Description of the task: Write out every line below that contains "Longrightarrow".

(Collected data)
========
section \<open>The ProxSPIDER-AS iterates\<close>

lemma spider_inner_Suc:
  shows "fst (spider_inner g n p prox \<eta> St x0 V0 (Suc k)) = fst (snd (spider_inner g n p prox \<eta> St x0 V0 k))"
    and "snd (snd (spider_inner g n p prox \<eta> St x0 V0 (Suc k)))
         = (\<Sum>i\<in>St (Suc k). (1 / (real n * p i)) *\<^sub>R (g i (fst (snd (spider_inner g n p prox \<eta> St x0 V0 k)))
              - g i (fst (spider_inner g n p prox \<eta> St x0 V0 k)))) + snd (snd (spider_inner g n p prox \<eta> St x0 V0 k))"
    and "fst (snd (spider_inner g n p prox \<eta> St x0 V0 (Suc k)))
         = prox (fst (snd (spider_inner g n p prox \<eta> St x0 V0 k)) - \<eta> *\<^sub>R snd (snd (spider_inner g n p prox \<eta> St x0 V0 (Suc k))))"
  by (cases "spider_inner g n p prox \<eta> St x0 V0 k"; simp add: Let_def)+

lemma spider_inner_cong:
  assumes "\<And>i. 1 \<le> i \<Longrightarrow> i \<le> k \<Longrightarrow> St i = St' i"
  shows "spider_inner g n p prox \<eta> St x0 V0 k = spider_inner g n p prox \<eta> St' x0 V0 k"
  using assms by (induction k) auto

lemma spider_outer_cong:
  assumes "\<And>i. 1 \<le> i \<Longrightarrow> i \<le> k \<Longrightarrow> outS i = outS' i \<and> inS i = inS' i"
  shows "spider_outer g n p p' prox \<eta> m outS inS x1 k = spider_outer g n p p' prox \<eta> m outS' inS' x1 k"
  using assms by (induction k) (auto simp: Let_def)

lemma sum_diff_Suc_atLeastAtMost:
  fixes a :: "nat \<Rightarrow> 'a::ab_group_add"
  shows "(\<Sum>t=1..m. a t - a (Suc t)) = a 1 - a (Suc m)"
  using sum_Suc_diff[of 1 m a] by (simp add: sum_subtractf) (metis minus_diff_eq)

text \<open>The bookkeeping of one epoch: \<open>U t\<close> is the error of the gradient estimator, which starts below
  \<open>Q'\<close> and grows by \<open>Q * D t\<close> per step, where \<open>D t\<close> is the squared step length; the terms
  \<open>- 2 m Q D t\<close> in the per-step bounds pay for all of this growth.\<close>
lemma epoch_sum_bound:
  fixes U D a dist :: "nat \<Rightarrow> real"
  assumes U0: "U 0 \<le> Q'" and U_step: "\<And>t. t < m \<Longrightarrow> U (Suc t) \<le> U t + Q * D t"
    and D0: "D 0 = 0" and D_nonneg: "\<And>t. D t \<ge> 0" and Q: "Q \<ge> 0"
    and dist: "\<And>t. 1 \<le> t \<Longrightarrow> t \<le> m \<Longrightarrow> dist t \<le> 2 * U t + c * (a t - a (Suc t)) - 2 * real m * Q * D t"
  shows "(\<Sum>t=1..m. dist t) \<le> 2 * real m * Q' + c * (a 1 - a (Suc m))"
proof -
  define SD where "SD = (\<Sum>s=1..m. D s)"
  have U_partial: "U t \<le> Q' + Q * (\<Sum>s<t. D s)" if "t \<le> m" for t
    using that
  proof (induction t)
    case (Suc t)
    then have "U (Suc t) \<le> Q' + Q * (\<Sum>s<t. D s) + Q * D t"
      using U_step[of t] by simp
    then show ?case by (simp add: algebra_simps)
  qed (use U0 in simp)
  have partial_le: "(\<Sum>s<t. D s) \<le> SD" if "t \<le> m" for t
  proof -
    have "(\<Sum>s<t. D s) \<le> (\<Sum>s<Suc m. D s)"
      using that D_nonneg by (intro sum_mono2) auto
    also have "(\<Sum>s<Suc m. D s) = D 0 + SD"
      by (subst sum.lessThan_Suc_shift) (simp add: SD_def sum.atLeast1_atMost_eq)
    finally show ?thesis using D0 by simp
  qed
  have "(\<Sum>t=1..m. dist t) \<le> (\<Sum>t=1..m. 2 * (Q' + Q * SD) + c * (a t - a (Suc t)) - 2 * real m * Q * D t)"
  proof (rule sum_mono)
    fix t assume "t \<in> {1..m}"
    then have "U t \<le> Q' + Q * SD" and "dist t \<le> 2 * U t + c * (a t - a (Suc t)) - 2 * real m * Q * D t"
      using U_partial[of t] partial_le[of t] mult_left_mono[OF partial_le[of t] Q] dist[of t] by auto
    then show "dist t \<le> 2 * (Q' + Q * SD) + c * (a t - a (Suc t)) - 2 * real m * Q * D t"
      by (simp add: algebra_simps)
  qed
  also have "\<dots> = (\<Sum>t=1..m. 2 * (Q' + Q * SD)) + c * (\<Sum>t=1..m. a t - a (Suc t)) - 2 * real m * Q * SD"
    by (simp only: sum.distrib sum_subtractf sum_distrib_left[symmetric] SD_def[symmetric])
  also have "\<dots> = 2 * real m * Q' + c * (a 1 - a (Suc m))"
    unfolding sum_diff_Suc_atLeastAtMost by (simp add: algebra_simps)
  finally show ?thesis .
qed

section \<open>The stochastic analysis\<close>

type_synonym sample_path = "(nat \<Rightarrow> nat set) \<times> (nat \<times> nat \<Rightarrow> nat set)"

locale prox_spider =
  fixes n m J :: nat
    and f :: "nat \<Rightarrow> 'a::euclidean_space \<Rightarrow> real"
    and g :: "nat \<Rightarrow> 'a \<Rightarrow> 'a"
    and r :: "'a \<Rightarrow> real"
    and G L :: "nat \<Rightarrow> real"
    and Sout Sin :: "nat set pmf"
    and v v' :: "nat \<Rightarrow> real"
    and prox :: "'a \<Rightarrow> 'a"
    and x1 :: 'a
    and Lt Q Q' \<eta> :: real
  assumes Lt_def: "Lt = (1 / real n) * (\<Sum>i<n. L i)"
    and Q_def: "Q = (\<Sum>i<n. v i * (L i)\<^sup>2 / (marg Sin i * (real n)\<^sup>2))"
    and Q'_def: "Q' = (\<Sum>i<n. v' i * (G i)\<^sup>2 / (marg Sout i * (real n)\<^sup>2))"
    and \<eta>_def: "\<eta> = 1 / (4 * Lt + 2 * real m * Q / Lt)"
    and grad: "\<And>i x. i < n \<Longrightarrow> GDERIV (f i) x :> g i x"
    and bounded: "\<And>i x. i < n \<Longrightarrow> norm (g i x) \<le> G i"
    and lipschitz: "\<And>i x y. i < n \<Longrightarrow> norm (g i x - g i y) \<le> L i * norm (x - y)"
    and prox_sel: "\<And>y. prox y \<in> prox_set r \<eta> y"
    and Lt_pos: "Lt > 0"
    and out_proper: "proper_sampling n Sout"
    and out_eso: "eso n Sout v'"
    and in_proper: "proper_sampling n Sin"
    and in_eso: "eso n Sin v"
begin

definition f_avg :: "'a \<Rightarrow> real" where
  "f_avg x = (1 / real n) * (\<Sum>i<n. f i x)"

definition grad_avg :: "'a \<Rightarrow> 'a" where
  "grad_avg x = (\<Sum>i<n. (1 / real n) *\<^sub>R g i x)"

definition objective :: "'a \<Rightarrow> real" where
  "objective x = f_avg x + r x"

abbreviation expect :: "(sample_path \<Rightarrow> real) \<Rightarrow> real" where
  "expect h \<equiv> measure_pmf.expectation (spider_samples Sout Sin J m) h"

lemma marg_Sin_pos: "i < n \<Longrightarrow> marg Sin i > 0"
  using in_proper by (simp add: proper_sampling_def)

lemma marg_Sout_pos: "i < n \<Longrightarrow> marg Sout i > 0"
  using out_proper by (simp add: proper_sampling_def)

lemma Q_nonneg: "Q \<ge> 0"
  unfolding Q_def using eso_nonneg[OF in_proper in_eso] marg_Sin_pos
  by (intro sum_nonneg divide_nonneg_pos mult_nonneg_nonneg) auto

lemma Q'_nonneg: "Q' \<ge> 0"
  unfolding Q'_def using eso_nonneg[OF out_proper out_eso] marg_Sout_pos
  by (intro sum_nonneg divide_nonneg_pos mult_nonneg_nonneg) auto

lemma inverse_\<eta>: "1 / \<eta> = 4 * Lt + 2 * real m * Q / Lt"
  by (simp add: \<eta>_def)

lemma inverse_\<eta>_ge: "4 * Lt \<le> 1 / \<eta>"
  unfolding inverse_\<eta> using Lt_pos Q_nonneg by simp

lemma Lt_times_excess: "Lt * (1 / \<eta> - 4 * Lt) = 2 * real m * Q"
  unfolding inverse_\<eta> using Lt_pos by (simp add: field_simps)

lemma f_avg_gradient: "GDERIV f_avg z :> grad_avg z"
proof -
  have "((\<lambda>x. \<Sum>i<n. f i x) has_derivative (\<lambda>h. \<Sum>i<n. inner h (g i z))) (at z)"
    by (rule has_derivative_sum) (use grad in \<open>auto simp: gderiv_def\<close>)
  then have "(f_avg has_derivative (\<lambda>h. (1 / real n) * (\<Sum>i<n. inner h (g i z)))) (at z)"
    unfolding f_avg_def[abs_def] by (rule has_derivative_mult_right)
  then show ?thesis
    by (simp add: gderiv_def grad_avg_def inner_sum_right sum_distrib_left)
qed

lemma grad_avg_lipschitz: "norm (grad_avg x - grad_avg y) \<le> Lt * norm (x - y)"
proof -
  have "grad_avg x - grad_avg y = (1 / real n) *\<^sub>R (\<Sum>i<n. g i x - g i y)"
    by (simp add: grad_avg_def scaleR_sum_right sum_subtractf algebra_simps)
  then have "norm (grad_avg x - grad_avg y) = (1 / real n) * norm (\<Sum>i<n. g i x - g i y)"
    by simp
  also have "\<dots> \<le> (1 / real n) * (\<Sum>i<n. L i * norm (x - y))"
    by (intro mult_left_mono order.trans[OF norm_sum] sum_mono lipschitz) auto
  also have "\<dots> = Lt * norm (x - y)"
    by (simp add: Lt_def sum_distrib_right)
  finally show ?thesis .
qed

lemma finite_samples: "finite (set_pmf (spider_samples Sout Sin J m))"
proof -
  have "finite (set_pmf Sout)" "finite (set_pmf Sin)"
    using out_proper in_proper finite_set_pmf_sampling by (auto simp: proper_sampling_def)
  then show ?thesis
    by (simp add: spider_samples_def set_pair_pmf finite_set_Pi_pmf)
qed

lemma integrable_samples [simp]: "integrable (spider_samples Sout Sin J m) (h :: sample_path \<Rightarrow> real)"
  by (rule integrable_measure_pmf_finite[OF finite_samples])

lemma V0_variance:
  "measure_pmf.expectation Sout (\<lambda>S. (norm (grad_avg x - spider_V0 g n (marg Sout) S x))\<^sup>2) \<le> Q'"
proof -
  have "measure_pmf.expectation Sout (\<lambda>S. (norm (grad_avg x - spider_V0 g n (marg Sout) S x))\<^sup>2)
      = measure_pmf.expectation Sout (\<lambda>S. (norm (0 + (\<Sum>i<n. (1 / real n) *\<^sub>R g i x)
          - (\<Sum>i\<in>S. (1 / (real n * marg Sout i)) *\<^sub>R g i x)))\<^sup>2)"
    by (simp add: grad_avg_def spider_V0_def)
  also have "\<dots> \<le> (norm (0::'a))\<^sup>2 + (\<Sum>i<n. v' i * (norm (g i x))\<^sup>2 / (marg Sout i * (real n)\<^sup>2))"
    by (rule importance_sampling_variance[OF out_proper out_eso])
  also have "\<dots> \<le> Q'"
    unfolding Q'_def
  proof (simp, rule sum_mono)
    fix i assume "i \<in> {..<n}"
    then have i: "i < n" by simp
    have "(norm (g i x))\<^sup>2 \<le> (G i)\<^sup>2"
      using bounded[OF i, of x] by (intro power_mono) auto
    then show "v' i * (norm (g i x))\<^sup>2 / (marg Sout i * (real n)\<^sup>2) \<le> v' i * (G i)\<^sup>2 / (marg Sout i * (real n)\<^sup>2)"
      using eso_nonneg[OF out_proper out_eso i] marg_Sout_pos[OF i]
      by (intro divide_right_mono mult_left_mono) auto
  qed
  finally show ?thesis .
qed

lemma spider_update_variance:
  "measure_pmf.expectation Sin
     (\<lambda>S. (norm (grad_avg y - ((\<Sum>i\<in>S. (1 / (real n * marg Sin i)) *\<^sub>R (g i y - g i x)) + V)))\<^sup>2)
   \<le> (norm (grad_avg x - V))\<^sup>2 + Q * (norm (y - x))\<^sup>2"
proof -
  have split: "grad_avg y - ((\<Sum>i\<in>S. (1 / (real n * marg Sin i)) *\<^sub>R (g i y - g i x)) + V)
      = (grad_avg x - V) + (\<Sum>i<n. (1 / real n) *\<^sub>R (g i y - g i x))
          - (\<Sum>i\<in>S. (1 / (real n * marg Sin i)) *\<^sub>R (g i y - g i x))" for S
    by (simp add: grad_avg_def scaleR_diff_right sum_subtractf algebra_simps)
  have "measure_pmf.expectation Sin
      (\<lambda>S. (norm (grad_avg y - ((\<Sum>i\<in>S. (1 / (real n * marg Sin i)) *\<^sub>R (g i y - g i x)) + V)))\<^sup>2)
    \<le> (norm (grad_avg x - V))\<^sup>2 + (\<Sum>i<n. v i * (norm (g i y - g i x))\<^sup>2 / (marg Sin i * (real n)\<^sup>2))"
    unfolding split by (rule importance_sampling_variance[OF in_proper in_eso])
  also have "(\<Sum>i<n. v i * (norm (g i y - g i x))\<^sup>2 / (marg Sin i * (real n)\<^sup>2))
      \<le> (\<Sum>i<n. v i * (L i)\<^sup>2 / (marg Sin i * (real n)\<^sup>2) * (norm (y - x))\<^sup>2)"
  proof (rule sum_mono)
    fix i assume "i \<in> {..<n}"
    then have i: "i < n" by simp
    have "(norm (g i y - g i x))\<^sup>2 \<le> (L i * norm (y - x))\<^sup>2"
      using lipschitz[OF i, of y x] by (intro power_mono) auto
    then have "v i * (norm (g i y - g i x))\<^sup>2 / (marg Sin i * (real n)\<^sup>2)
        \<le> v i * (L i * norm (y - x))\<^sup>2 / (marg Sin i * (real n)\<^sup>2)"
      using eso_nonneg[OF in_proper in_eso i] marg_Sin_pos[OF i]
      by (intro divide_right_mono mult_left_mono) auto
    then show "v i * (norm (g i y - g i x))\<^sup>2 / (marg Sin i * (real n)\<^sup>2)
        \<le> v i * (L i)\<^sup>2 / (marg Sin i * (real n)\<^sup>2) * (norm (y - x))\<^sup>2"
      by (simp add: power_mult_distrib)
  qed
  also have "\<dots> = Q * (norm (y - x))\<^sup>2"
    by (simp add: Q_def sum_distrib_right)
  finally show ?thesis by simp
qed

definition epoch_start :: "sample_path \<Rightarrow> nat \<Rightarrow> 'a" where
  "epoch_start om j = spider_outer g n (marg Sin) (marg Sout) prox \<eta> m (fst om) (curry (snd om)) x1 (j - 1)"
========
Solution to the problem:
  assumes "\<And>i. 1 \<le> i \<Longrightarrow> i \<le> k \<Longrightarrow> St i = St' i"
  assumes "\<And>i. 1 \<le> i \<Longrightarrow> i \<le> k \<Longrightarrow> outS i = outS' i \<and> inS i = inS' i"
  assumes U0: "U 0 \<le> Q'" and U_step: "\<And>t. t < m \<Longrightarrow> U (Suc t) \<le> U t + Q * D t"
    and dist: "\<And>t. 1 \<le> t \<Longrightarrow> t \<le> m \<Longrightarrow> dist t \<le> 2 * U t + c * (a t - a (Suc t)) - 2 * real m * Q * D t"
    and grad: "\<And>i x. i < n \<Longrightarrow> GDERIV (f i) x :> g i x"
    and bounded: "\<And>i x. i < n \<Longrightarrow> norm (g i x) \<le> G i"
    and lipschitz: "\<And>i x y. i < n \<Longrightarrow> norm (g i x - g i y) \<le> L i * norm (x - y)"
lemma marg_Sin_pos: "i < n \<Longrightarrow> marg Sin i > 0"
lemma marg_Sout_pos: "i < n \<Longrightarrow> marg Sout i > 0"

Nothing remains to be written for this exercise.